__Aim of the task__.
In the data below, how many lines contain the string "UNIV"? Give only the number.

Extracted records
· · · · · · ·

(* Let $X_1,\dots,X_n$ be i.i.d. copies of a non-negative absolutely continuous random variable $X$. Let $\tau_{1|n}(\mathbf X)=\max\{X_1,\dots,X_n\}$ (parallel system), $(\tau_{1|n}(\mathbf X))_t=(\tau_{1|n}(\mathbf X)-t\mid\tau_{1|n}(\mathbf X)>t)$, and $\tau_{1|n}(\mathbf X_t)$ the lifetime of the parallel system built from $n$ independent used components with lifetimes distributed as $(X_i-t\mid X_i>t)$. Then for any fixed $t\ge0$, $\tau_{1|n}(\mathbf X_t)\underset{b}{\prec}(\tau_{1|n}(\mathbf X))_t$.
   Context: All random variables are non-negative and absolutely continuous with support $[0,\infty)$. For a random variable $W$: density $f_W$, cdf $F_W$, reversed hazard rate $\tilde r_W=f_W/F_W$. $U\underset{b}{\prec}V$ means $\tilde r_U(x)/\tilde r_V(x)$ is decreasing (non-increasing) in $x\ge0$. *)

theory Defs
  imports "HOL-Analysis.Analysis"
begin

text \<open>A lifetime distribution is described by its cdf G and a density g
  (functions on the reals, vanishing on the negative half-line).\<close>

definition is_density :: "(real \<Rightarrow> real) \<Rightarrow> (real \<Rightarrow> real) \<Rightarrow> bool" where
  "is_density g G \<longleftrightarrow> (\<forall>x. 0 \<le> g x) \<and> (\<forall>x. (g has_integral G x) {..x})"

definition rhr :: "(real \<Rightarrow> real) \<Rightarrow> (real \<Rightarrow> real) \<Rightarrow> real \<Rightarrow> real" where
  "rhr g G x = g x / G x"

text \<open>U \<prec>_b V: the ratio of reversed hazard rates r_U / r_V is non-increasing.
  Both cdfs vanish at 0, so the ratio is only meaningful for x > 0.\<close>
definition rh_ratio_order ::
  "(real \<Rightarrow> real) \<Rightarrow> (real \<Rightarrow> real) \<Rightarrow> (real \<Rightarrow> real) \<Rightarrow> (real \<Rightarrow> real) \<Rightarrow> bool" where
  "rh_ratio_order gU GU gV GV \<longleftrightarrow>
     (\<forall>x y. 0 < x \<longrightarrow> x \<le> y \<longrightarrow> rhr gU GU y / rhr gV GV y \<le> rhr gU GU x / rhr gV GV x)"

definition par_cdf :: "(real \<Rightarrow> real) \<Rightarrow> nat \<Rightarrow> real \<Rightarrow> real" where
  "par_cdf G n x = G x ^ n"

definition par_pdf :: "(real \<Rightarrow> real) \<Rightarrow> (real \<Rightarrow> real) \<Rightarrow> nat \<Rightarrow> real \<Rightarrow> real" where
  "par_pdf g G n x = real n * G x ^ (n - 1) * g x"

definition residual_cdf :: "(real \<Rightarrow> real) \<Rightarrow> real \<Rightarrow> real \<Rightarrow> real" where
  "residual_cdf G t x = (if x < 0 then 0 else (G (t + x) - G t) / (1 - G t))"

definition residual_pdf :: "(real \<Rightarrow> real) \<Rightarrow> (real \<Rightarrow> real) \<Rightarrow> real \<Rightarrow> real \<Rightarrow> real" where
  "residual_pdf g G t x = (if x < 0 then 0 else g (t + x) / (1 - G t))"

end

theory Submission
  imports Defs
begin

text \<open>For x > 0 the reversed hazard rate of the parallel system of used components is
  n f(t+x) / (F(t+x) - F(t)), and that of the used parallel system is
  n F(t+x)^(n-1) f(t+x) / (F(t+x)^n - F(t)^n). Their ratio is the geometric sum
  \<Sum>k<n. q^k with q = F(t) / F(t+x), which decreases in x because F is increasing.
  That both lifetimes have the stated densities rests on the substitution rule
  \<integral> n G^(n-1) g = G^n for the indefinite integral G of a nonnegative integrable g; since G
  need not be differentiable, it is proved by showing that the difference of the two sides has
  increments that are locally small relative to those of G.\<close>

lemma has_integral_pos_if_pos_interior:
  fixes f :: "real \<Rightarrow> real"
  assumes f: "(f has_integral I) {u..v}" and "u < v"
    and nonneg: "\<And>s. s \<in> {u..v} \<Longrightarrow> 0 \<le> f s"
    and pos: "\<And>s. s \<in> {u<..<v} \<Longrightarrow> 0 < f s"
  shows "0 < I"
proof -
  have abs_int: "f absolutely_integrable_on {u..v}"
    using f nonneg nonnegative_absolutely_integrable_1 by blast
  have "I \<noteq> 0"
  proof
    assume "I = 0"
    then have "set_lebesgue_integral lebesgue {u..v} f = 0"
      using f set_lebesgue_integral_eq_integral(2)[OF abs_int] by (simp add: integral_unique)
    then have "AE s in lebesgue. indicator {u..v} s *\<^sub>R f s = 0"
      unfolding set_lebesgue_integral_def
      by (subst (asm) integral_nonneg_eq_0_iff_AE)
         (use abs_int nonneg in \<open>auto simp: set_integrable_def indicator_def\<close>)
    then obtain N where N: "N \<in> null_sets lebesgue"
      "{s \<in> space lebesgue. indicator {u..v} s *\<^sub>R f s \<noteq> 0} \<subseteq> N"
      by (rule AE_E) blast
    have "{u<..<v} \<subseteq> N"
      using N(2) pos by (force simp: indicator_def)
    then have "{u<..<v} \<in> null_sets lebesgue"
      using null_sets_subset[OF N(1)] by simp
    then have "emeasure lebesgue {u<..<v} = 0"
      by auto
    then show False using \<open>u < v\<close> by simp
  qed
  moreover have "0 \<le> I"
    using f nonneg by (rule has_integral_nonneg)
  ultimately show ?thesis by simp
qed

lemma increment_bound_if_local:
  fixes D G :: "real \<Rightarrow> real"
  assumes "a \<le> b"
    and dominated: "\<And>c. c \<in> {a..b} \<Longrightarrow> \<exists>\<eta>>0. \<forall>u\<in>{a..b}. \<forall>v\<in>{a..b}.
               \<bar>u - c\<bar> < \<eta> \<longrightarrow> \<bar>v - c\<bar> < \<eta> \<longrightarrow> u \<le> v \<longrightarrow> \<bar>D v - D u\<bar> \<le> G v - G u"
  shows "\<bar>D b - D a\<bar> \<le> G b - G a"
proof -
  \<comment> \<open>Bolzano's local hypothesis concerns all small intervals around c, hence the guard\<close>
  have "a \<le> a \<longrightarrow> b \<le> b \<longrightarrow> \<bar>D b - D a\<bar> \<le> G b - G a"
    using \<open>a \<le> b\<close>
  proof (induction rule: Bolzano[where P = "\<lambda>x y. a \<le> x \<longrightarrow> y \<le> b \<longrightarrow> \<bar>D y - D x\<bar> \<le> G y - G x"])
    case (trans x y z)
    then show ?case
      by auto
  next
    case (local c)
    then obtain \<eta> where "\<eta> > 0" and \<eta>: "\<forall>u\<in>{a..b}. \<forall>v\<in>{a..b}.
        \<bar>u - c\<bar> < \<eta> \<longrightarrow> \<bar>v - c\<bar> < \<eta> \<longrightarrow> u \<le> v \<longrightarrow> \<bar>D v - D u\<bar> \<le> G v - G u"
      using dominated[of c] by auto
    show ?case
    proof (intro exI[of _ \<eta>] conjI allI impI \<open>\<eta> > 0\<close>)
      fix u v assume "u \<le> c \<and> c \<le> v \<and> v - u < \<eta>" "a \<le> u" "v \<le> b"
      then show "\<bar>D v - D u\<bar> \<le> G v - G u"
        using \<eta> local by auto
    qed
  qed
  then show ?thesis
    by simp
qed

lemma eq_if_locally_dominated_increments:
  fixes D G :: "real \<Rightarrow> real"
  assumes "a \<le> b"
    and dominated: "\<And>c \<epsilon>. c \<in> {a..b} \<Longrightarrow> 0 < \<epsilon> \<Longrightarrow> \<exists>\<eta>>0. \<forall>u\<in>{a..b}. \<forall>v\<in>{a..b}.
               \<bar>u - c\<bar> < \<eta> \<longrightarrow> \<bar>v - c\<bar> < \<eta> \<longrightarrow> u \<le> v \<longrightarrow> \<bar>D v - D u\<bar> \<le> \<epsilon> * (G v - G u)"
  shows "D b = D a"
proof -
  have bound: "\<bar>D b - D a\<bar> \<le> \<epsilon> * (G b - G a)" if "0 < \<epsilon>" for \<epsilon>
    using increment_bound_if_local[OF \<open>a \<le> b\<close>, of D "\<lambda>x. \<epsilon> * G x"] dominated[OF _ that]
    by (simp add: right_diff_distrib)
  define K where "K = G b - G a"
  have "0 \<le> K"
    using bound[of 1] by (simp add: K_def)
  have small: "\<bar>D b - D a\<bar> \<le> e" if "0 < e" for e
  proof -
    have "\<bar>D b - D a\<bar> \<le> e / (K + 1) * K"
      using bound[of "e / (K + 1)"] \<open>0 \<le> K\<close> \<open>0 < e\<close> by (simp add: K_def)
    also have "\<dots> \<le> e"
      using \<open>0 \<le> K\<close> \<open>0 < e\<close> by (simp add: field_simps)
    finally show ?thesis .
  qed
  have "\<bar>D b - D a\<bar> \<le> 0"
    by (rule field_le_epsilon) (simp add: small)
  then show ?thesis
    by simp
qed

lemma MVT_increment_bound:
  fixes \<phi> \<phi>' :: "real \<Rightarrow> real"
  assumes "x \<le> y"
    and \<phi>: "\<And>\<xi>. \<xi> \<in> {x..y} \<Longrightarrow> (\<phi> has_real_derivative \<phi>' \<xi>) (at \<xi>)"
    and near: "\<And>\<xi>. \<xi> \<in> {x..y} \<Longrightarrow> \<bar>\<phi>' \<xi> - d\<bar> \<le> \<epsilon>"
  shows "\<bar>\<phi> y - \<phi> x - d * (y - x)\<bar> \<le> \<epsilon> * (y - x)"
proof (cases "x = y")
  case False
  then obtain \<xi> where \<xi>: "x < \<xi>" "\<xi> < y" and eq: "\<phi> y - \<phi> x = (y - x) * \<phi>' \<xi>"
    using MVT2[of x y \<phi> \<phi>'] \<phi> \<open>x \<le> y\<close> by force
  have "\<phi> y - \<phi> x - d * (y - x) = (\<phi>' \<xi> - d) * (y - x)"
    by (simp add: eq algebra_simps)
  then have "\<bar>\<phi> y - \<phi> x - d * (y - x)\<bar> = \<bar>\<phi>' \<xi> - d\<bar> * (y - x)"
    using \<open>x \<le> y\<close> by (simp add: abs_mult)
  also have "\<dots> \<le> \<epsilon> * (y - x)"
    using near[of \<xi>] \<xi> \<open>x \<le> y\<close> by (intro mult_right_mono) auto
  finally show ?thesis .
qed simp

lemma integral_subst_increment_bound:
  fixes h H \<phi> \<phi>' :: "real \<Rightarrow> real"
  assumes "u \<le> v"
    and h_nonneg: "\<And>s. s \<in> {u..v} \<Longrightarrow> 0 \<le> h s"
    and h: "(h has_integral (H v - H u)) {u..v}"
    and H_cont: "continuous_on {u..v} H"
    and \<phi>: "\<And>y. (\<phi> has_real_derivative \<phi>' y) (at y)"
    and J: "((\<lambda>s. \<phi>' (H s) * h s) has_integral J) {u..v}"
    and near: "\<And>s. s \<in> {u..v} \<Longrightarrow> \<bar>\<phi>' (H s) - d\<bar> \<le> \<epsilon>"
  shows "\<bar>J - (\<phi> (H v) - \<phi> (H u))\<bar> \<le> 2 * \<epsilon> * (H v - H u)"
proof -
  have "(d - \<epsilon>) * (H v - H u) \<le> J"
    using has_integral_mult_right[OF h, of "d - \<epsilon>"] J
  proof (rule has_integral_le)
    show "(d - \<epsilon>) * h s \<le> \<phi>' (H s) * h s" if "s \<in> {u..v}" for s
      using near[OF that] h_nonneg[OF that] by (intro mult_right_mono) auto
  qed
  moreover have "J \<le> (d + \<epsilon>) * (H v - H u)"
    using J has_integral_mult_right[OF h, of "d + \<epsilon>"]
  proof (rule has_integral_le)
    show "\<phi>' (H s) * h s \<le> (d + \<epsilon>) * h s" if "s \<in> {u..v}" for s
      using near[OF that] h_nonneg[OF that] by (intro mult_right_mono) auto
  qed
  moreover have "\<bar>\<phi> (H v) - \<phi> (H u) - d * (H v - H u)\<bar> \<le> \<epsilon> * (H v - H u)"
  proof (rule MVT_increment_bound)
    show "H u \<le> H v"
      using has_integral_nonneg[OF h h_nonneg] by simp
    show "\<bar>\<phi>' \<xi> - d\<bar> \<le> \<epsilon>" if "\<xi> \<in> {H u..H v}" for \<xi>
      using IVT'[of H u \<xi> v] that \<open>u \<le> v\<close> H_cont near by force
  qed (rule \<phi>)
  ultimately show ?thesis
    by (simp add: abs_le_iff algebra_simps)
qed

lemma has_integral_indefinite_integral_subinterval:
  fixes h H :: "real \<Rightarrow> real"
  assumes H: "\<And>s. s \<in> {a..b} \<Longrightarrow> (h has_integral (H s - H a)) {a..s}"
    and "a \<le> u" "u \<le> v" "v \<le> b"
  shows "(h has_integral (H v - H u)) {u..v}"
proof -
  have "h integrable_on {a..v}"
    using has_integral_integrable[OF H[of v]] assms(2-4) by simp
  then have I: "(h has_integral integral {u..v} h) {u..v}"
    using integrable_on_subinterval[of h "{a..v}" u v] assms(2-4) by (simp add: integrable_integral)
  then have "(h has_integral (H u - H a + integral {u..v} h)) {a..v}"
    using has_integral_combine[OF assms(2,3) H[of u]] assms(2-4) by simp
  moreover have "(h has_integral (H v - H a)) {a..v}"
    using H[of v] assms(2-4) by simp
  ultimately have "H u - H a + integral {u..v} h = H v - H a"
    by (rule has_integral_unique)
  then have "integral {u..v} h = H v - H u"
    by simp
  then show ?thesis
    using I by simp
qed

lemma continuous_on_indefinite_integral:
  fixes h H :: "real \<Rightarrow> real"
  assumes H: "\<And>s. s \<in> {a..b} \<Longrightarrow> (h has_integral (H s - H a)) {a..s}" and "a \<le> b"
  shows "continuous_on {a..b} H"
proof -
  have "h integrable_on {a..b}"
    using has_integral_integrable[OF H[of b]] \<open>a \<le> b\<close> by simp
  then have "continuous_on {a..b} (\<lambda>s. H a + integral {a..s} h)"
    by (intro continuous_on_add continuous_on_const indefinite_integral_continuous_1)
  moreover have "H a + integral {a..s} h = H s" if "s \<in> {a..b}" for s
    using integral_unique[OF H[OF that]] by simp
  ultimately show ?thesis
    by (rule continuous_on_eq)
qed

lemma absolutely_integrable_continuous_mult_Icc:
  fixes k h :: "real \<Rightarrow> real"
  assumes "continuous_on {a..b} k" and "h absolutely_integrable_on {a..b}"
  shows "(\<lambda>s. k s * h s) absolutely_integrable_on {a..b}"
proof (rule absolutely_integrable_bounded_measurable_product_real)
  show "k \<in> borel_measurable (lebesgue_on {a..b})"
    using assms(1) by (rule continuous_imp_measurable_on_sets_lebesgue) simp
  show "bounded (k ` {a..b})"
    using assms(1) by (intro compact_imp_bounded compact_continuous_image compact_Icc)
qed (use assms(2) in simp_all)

· · · · · · ·

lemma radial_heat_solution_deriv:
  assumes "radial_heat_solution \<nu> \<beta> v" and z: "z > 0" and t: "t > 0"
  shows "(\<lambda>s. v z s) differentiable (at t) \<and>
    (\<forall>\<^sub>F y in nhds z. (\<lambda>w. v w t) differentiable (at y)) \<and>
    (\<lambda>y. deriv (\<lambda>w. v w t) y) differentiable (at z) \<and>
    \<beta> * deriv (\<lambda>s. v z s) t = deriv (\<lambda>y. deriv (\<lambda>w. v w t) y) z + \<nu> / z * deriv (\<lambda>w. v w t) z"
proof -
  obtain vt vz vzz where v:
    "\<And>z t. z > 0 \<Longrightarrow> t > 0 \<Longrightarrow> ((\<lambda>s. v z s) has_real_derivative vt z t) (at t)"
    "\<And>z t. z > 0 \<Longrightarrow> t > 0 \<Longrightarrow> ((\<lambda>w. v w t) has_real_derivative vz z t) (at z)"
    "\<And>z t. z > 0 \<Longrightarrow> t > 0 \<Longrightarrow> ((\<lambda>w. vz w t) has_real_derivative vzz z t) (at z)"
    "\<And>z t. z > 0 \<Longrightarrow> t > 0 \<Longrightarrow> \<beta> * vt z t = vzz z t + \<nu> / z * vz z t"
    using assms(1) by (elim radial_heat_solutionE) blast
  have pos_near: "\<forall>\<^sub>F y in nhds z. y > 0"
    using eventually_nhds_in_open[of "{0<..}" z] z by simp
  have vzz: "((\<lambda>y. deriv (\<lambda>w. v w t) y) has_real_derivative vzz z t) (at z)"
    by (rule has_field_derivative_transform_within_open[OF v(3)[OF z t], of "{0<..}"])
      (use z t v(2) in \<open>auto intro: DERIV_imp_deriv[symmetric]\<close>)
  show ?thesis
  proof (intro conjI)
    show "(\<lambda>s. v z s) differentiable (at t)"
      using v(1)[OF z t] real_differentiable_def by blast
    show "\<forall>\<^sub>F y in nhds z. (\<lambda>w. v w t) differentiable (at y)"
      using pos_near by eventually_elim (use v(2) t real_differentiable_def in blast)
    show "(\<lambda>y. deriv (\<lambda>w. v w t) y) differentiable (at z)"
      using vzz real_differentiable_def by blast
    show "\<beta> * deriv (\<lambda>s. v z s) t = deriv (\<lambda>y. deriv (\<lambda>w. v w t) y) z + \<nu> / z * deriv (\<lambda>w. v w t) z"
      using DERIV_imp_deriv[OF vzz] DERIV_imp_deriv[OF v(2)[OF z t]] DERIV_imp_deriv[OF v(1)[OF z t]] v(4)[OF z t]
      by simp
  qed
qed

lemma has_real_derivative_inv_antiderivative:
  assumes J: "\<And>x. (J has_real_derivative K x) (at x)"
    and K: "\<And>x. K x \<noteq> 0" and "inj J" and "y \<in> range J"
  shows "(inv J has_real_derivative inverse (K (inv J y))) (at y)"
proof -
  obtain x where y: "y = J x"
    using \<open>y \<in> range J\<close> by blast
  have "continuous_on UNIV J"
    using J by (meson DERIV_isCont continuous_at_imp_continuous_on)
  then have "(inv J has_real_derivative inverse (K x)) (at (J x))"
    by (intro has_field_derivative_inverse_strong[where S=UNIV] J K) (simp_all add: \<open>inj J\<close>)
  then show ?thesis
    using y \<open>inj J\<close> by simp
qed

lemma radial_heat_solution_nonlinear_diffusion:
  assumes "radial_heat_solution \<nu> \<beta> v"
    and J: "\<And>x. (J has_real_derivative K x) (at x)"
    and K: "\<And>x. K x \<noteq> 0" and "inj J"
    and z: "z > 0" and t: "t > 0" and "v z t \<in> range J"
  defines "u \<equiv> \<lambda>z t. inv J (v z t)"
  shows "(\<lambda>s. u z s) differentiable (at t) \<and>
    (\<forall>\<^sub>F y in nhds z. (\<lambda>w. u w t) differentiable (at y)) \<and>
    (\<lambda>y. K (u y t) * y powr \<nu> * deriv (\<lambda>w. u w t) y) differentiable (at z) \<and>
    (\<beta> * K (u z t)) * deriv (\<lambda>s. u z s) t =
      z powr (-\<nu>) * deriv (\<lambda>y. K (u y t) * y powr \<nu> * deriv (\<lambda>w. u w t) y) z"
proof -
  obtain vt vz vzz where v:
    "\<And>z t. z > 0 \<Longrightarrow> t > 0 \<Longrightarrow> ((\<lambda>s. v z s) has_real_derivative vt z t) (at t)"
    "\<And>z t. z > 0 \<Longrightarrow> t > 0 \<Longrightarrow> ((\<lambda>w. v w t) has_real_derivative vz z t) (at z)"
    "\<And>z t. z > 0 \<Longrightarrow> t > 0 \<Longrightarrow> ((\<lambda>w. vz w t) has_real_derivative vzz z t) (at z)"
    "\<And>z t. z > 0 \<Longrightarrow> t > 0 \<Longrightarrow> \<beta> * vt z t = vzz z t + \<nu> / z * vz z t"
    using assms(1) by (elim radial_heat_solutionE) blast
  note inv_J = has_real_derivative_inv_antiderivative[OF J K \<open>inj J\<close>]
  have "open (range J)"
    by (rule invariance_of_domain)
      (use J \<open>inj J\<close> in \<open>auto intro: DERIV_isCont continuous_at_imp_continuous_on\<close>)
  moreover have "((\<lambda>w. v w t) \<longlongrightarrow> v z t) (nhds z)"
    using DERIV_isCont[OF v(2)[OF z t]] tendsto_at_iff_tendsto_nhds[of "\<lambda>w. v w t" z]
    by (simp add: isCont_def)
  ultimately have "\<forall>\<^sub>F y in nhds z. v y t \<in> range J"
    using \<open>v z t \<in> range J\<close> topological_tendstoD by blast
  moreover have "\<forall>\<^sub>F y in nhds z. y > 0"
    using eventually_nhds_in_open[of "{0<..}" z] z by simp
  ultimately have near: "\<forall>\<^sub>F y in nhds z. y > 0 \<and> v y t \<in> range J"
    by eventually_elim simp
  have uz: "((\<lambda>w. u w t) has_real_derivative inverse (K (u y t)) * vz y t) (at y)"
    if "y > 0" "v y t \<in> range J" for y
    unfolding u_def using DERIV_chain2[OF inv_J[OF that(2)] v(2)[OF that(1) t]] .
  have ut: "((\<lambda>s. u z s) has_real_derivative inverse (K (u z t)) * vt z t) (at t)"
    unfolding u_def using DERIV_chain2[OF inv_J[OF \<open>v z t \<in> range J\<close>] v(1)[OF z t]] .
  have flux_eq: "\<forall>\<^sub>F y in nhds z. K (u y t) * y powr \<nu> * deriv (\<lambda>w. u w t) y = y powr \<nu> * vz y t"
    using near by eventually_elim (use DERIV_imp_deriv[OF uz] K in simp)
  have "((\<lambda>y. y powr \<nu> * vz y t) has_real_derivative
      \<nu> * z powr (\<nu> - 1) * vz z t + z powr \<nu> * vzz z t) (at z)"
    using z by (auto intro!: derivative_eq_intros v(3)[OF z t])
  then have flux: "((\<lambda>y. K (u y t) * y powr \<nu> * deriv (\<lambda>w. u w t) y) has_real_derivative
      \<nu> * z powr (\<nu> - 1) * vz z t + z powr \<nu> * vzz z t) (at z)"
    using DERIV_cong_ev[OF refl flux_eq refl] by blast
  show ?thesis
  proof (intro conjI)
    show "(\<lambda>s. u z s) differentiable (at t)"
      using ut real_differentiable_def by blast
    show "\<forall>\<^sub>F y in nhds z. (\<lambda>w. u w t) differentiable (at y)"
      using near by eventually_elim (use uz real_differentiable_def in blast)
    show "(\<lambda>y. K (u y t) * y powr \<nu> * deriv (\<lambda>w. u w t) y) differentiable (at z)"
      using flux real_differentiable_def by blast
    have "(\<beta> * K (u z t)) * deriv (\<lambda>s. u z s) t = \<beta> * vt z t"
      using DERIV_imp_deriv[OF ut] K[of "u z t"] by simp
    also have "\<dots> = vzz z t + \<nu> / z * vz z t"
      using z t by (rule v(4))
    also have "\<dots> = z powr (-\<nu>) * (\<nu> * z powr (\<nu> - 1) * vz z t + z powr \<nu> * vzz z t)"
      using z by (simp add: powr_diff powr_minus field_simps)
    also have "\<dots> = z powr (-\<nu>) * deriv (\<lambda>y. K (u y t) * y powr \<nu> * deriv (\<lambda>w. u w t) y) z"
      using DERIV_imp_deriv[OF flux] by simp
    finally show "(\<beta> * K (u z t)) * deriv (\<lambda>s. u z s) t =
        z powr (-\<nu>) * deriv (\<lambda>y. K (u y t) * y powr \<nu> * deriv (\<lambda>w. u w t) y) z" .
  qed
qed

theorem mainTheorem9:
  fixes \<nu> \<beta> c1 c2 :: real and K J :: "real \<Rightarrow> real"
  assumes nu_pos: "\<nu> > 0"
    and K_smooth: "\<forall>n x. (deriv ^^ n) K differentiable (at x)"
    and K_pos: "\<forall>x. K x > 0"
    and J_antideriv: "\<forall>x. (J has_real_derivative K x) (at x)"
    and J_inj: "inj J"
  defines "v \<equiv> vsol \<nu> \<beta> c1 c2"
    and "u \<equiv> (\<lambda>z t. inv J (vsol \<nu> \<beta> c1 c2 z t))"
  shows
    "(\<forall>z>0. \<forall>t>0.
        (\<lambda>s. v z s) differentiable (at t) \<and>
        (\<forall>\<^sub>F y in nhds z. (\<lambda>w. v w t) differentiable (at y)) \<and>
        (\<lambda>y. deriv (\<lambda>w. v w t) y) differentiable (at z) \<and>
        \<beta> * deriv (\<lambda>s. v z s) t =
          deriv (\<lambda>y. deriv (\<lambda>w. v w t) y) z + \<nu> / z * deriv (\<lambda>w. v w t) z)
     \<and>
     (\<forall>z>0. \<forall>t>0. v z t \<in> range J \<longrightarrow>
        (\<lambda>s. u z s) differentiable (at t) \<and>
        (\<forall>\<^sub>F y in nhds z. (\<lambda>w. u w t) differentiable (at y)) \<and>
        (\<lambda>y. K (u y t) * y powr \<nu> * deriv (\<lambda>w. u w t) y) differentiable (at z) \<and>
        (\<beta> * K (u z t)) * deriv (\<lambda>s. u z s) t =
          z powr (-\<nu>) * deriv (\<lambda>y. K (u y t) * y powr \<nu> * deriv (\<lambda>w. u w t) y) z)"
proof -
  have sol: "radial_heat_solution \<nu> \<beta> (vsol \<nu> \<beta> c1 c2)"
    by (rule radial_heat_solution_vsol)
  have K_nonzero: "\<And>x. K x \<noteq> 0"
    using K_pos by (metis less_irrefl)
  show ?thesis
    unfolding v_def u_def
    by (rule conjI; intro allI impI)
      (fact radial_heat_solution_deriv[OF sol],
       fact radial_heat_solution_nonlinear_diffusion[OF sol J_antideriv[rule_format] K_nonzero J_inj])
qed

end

· · · · · · ·

__Written solution__.
2